Worries about Europe’s worsening debt crisis have hammered riskier assets around the world, including Latin American equities, and traders said only strong policy action in Europe could stem the rout.
“Europe is the center of attention, if there are measures that help growth there, it should be felt throughout all markets,” Interacciones Alonso said.
G7 finance ministers held an emergency teleconference on Tuesday to discuss a solution to the euro zone debt crisis, but the meeting closed without an agreement on joint action.

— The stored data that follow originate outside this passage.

text \<open>That some \<open>y\<close> realises a given sign pattern on \<open>\<Theta>\<close> is expressed by a single formula,
  which \<open>\<phi>\<close> almost preserves.\<close>
lemma almost_all_types_realised:
  assumes pres: "\<forall>n P. definable M n P \<longrightarrow> almost_preserves n P \<phi>"
    and g: "range g \<subseteq> dom \<phi>" and "finite \<Theta>" and wf: "\<forall>\<theta>\<in>\<Theta>. wf_fm M \<theta>"
  shows "finite {i. \<not> (\<exists>y. \<forall>\<theta>\<in>\<Theta>.
    sat M (case_nat (a i) (\<lambda>t. g t i)) \<theta> = sat M (case_nat y (\<lambda>t. the (\<phi> (g t)) i)) \<theta>)}"
proof -
  obtain \<theta>s where \<theta>s: "set \<theta>s = \<Theta>"
    using finite_list[OF \<open>finite \<Theta>\<close>] by blast
  define \<psi> where "\<psi> S = Ex 0 (conj_list (map (\<lambda>\<theta>. if \<theta> \<in> S then \<theta> else Neg \<theta>) \<theta>s))" for S
  have sat_\<psi>: "sat M h (\<psi> S) \<longleftrightarrow> (\<exists>y. \<forall>\<theta>\<in>\<Theta>. sat M (case_nat y (\<lambda>t. h (Suc t))) \<theta> \<longleftrightarrow> \<theta> \<in> S)"
    for h S
    unfolding \<psi>_def using \<theta>s by (simp add: sat_conj_list_signs fun_upd_zero_eq_case_nat)
  define bad where "bad S = {i. sat M (\<lambda>v. g (v - 1) i) (\<psi> S) \<noteq> sat M (\<lambda>v. the (\<phi> (g (v - 1))) i) (\<psi> S)}"
    for S
  have "finite (bad S)" for S
    unfolding bad_def using g wf \<theta>s
    by (intro almost_preserves_sat[OF pres, of "\<lambda>v. g (v - 1)"]) (auto simp: \<psi>_def wf_conj_list)
  then have "finite (\<Union>S\<in>Pow \<Theta>. bad S)"
    using \<open>finite \<Theta>\<close> by blast
  moreover have "\<exists>y. \<forall>\<theta>\<in>\<Theta>.
      sat M (case_nat (a i) (\<lambda>t. g t i)) \<theta> = sat M (case_nat y (\<lambda>t. the (\<phi> (g t)) i)) \<theta>"
    if "i \<notin> (\<Union>S\<in>Pow \<Theta>. bad S)" for i
  proof -
    define S where "S = {\<theta>\<in>\<Theta>. sat M (case_nat (a i) (\<lambda>t. g t i)) \<theta>}"
    have "sat M (\<lambda>v. g (v - 1) i) (\<psi> S)"
      unfolding sat_\<psi> S_def by auto
    then have "sat M (\<lambda>v. the (\<phi> (g (v - 1))) i) (\<psi> S)"
      using that unfolding bad_def S_def by auto
    then show ?thesis
      unfolding sat_\<psi> S_def by auto
  qed
  ultimately show ?thesis
    by (blast intro: finite_subset)
qed

text \<open>Diagonalisation: at coordinate \<open>i\<close>, satisfy the strongest requirement \<open>Q k\<close> with
  \<open>k \<le> i\<close> that can be met there.\<close>
lemma diagonal_choice:
  fixes Q :: "nat \<Rightarrow> nat \<Rightarrow> 'b \<Rightarrow> bool"
  assumes antimono: "\<And>k k' i y. Q k' i y \<Longrightarrow> k \<le> k' \<Longrightarrow> Q k i y"
    and fin: "\<And>k. finite {i. \<not> (\<exists>y. Q k i y)}"
  shows "\<exists>b. \<forall>k. finite {i. \<not> Q k i (b i)}"
proof -
  define K where "K i = Max {k. k \<le> i \<and> (\<exists>y. Q k i y)}" for i
  define b where "b i = (SOME y. Q (K i) i y)" for i
  have "{i. \<not> Q k i (b i)} \<subseteq> {..<k} \<union> {i. \<not> (\<exists>y. Q k i y)}" for k
  proof
    fix i assume i: "i \<in> {i. \<not> Q k i (b i)}"
    show "i \<in> {..<k} \<union> {i. \<not> (\<exists>y. Q k i y)}"
    proof (rule ccontr)
      assume "i \<notin> {..<k} \<union> {i. \<not> (\<exists>y. Q k i y)}"
      then have k: "k \<in> {k. k \<le> i \<and> (\<exists>y. Q k i y)}"
        by auto
      have "finite {k. k \<le> i \<and> (\<exists>y. Q k i y)}"
        by (rule finite_subset[of _ "{..i}"]) auto
      with k have "k \<le> K i" and "\<exists>y. Q (K i) i y"
        unfolding K_def using Max_ge Max_in by blast+
      then have "Q k i (b i)"
        unfolding b_def by (metis antimono someI_ex)
      with i show False by simp
    qed
  qed
  then show ?thesis
    using fin by (meson finite_Un finite_lessThan finite_subset)
qed
(* Let $I_{\mathrm{C}}=\langle p_1,p_2,p_3\rangle$ be the ideal of $\mathbb{Q}[x_1,x_2,x_3,d_1,d_2,d_3,L]$ generated by $p_1,p_2,p_3$, and let $I_{\mathrm{C\_sym}}=I_{\mathrm{C}}\cap \operatorname{Sym}\mathbb{Q}[M,L]$. Then $I_{\mathrm{C\_sym}}$ is finitely generated as an ideal of the ring $\operatorname{Sym}\mathbb{Q}[M,L]$; the seven polynomials $\tilde p_2,\tilde p_3,\tilde p_4,\tilde p_5,\tilde p_6,\tilde p_7,\tilde p_8$ belong to $I_{\mathrm{C\_sym}}$ and generate it as an ideal of $\operatorname{Sym}\mathbb{Q}[M,L]$.
   Context: Work in the polynomial ring $\mathbb{Q}[M,L]=\mathbb{Q}[x_1,x_2,x_3,d_1,d_2,d_3,L]$. Define $p_1=x_2^2+x_3^2-d_1^2$, $p_2=x_3^2+x_1^2-d_2^2$, $p_3=x_1^2+x_2^2-d_3^2$. The symmetric group $S_3$ acts on this ring by $\sigma(x_i)=x_{\sigma(i)}$, $\sigma(d_i)=d_{\sigma(i)}$, $\sigma(L)=L$ (i.e. by simultaneously permuting the columns of the matrix $M=\begin{pmatrix}x_1&x_2&x_3\\ d_1&d_2&d_3\end{pmatrix}$). $\operatorname{Sym}\mathbb{Q}[M,L]$ denotes the subring of polynomials invariant under this action (multisymmetric polynomials). Define $\tilde p_2=p_1+p_2+p_3$, $\tilde p_3=d_1p_1+d_2p_2+d_3p_3$, $\tilde p_4=x_1p_1+x_2p_2+x_3p_3$, $\tilde p_5=x_1d_1p_1+x_2d_2p_2+x_3d_3p_3$, $\tilde p_6=x_1^2p_1+x_2^2p_2+x_3^2p_3$, $\tilde p_7=d_1^2p_1+d_2^2p_2+d_3^2p_3$, $\tilde p_8=x_1^2d_1^2p_1+x_2^2d_2^2p_2+x_3^2d_3^2p_3$. *)

theory Defs
  imports Complex_Main "HOL-Library.Poly_Mapping"
begin

text \<open>Column indices 1,2,3 of the matrix M.\<close>
datatype idx = I1 | I2 | I3

datatype var = X idx | D idx | Lv

text \<open>The polynomial ring Q[x1,x2,x3,d1,d2,d3,L]: finitely supported maps from
  monomials (exponent vectors var =>0 nat) to rational coefficients, with the
  convolution product of HOL-Library.Poly_Mapping.\<close>
type_synonym qpoly = "(var \<Rightarrow>\<^sub>0 nat) \<Rightarrow>\<^sub>0 rat"

definition Var :: "var \<Rightarrow> qpoly" where
  "Var v = Poly_Mapping.single (Poly_Mapping.single v 1) 1"

abbreviation x :: "idx \<Rightarrow> qpoly" where "x i \<equiv> Var (X i)"
abbreviation d :: "idx \<Rightarrow> qpoly" where "d i \<equiv> Var (D i)"

fun var_perm :: "(idx \<Rightarrow> idx) \<Rightarrow> var \<Rightarrow> var" where
  "var_perm \<sigma> (X i) = X (\<sigma> i)"
| "var_perm \<sigma> (D i) = D (\<sigma> i)"
| "var_perm \<sigma> Lv = Lv"

text \<open>Induced ring automorphism: the coefficient of monomial n in sigma(p) is the
  coefficient of monomial (n o var_perm sigma) in p; hence sigma(x_i) = x_(sigma i),
  sigma(d_i) = d_(sigma i), sigma(L) = L.\<close>
definition poly_perm :: "(idx \<Rightarrow> idx) \<Rightarrow> qpoly \<Rightarrow> qpoly" where
  "poly_perm \<sigma> p = Poly_Mapping.map_key (\<lambda>n. Poly_Mapping.map_key (var_perm \<sigma>) n) p"

definition SymQ :: "qpoly set" where
  "SymQ = {p. \<forall>\<sigma>. bij \<sigma> \<longrightarrow> poly_perm \<sigma> p = p}"

definition ideal_gen_in :: "'a::comm_ring_1 set \<Rightarrow> 'a list \<Rightarrow> 'a set" where
  "ideal_gen_in S gs = {(\<Sum>j<length gs. c j * gs ! j) | c. \<forall>j<length gs. c j \<in> S}"

definition p1 :: qpoly where "p1 = x I2 ^ 2 + x I3 ^ 2 - d I1 ^ 2"
definition p2 :: qpoly where "p2 = x I3 ^ 2 + x I1 ^ 2 - d I2 ^ 2"
definition p3 :: qpoly where "p3 = x I1 ^ 2 + x I2 ^ 2 - d I3 ^ 2"

definition I_C :: "qpoly set" where
  "I_C = ideal_gen_in UNIV [p1, p2, p3]"

definition I_C_sym :: "qpoly set" where
  "I_C_sym = I_C \<inter> SymQ"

In Brazil, data on Tuesday showed business activity in the services sector fell in May for the first time since July 2009, in a sign manufacturing weakness has started to drag on the main engine of the country’s recent economic growth.
Shares in OGX, the oil firm controlled by Brazil’s richest man Eike Batista, shed 6.22 percent. State oil firm Petrobras lost 1.62 percent.

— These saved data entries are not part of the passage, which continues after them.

lemma sum_prefix_rev_sorted_list_of_multiset:
  fixes S :: "real multiset" and F :: "real \<Rightarrow> 'a::comm_monoid_add"
  assumes nonneg: "\<And>s. s \<in># S \<Longrightarrow> s \<ge> 0" and "k \<le> size S"
    and zeros: "size S - k \<le> count S 0" and "F 0 = 0"
  shows "(\<Sum>j<k. F (rev (sorted_list_of_multiset S) ! j)) = (\<Sum>s\<in>#S. F s)"
proof -
  define xs where "xs = sorted_list_of_multiset (filter_mset (\<lambda>s. s \<noteq> 0) S)"
  have "S = replicate_mset (count S 0) 0 + filter_mset (\<lambda>s. s \<noteq> 0) S"
    by (rule multiset_eqI) auto
  then have "mset (replicate (count S 0) 0 @ xs) = S"
    by (simp add: xs_def)
  moreover have "sorted (replicate (count S 0) 0 @ xs)"
    using nonneg by (auto simp: sorted_append xs_def order.order_iff_strict)
  ultimately have "sorted_list_of_multiset S = replicate (count S 0) 0 @ xs"
    by (metis sorted_list_of_multiset_mset sorted_sort_id)
  then have L_eq: "rev (sorted_list_of_multiset S) = rev xs @ replicate (count S 0) 0"
    by simp
  define L where "L = rev (sorted_list_of_multiset S)"
  have "length L = size S"
    unfolding L_def by (metis length_rev mset_sorted_list_of_multiset size_mset)
  have "length xs \<le> k" using zeros \<open>length L = size S\<close> by (simp add: L_def L_eq)
  have "(\<Sum>j<size S. F (L ! j)) = (\<Sum>j<k. F (L ! j)) + (\<Sum>j\<in>{k..<size S}. F (L ! j))"
    using \<open>k \<le> size S\<close> by (metis atLeast0LessThan sum.atLeastLessThan_concat zero_le)
  moreover have "L ! j = 0" if "k \<le> j" "j < size S" for j
    using that \<open>length xs \<le> k\<close> \<open>length L = size S\<close> by (simp add: L_def L_eq nth_append)
  ultimately have "(\<Sum>j<k. F (L ! j)) = (\<Sum>j<size S. F (L ! j))"
    using \<open>F 0 = 0\<close> by simp
  also have "\<dots> = sum_list (map F L)"
    using \<open>length L = size S\<close> by (simp add: sum_list_sum_nth atLeast0LessThan)
  also have "\<dots> = (\<Sum>s\<in>#S. F s)"
    by (metis L_def mset_map mset_rev mset_sorted_list_of_multiset sum_mset_sum_list)
  finally show ?thesis unfolding L_def .
qed

lemma TL1_eq_sum_proots_charpoly_gram:
  fixes X :: "real^'n^'m"
  shows "TL1 a X = (\<Sum>r\<in>#proots (charpoly (transpose X ** X)). (a + 1) * sqrt r / (a + sqrt r))"
proof -
  define R where "R = proots (charpoly (transpose X ** X))"
  have "size R = CARD('n)"
    unfolding R_def by (rule size_proots_charpoly_symmetric) (simp add: matrix_transpose_mul)
  have "rank (transpose X ** X) \<le> CARD('m)"
    using rank_mul_le_left[of "transpose X" X] rank_bound[of "transpose X"] by simp
  then have "CARD('n) - CARD('m) \<le> count R 0"
    using count_zero_proots_charpoly_ge[of "transpose X ** X"] unfolding R_def by linarith
  also have "count R 0 \<le> count (image_mset sqrt R) 0"
    using count_le_count_image_mset[of R 0 sqrt] by simp
  finally have zeros: "CARD('n) - min CARD('m) CARD('n) \<le> count (image_mset sqrt R) 0"
    by linarith
  txt \<open>TL1 sums only the min(m, n) largest singular values; the others vanish.\<close>
  have "TL1 a X = (\<Sum>j<min CARD('m) CARD('n).
      (\<lambda>s. (a + 1) * s / (a + s)) (rev (sorted_list_of_multiset (image_mset sqrt R)) ! j))"
    unfolding TL1_def singular_values_def R_def by simp
  also have "\<dots> = (\<Sum>s\<in>#image_mset sqrt R. (a + 1) * s / (a + s))"
    using zeros \<open>size R = CARD('n)\<close>
    by (intro sum_prefix_rev_sorted_list_of_multiset) (auto simp: R_def charpoly_nonzero
        intro: charpoly_gram_root_nonneg)
  finally show ?thesis
    by (simp add: R_def multiset.map_comp o_def)
qed

theorem lemma4:
  fixes A B :: "real^'n^'m" and a :: real
  assumes "a > 0"
  shows "TL1 a (A + P_perp A B) = TL1 a A + TL1 a (P_perp A B)"
proof -
  let ?P = "P_perp A B"
  let ?G = "\<lambda>r. (a + 1) * sqrt r / (a + sqrt r)"
  have "TL1 a A + TL1 a ?P =
      (\<Sum>r\<in>#proots (charpoly (transpose A ** A)) + proots (charpoly (transpose ?P ** ?P)). ?G r)"
    by (simp add: TL1_eq_sum_proots_charpoly_gram)
  also have "\<dots> = (\<Sum>r\<in>#proots (charpoly (transpose A ** A + transpose ?P ** ?P)). ?G r)"
    by (simp add: proots_charpoly_add_if_mult_eq_0 gram_mult_gram_eq_0 mult_transpose_P_perp)
  also have "\<dots> = TL1 a (A + ?P)"
    by (simp add: TL1_eq_sum_proots_charpoly_gram gram_add_if_orthogonal transpose_mult_P_perp)
  finally show ?thesis by simp
qed

end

Cyrela Brazil Realty, Brazil’s No. 2 homebuilder, shed 5.32 percent. Top homebuilder PDG Realty lost 3 percent.
Mexico’s IPC index edged up 0.08 percent to 37,089.36, supported by data showing the vast U.S. services sector improved in May. Mexico sends nearly 80 percent of its exports to its northern neighbor.
The IPC is struggling to hold above support at its one-year exponential moving average just above 37,000. Traders said a break below the 200-day simple moving average at 36,800 could bode for steeper losses.
Telecommunications firm America Movil, controlled by billionaire Carlos Slim, lost 0.42 percent after news it had purchased a 4.1 percent stake in Telekom Austria, in a new move into the European market.
Lender Grupo Financiero Banorte, the biggest Mexican-owned bank, rose 1.9 percent.
Chile’s IPSA index ended flat as a 1.15 percent gain in industrial conglomerate Copec was offset by a 1.38 percent loss in retailer Cencosud.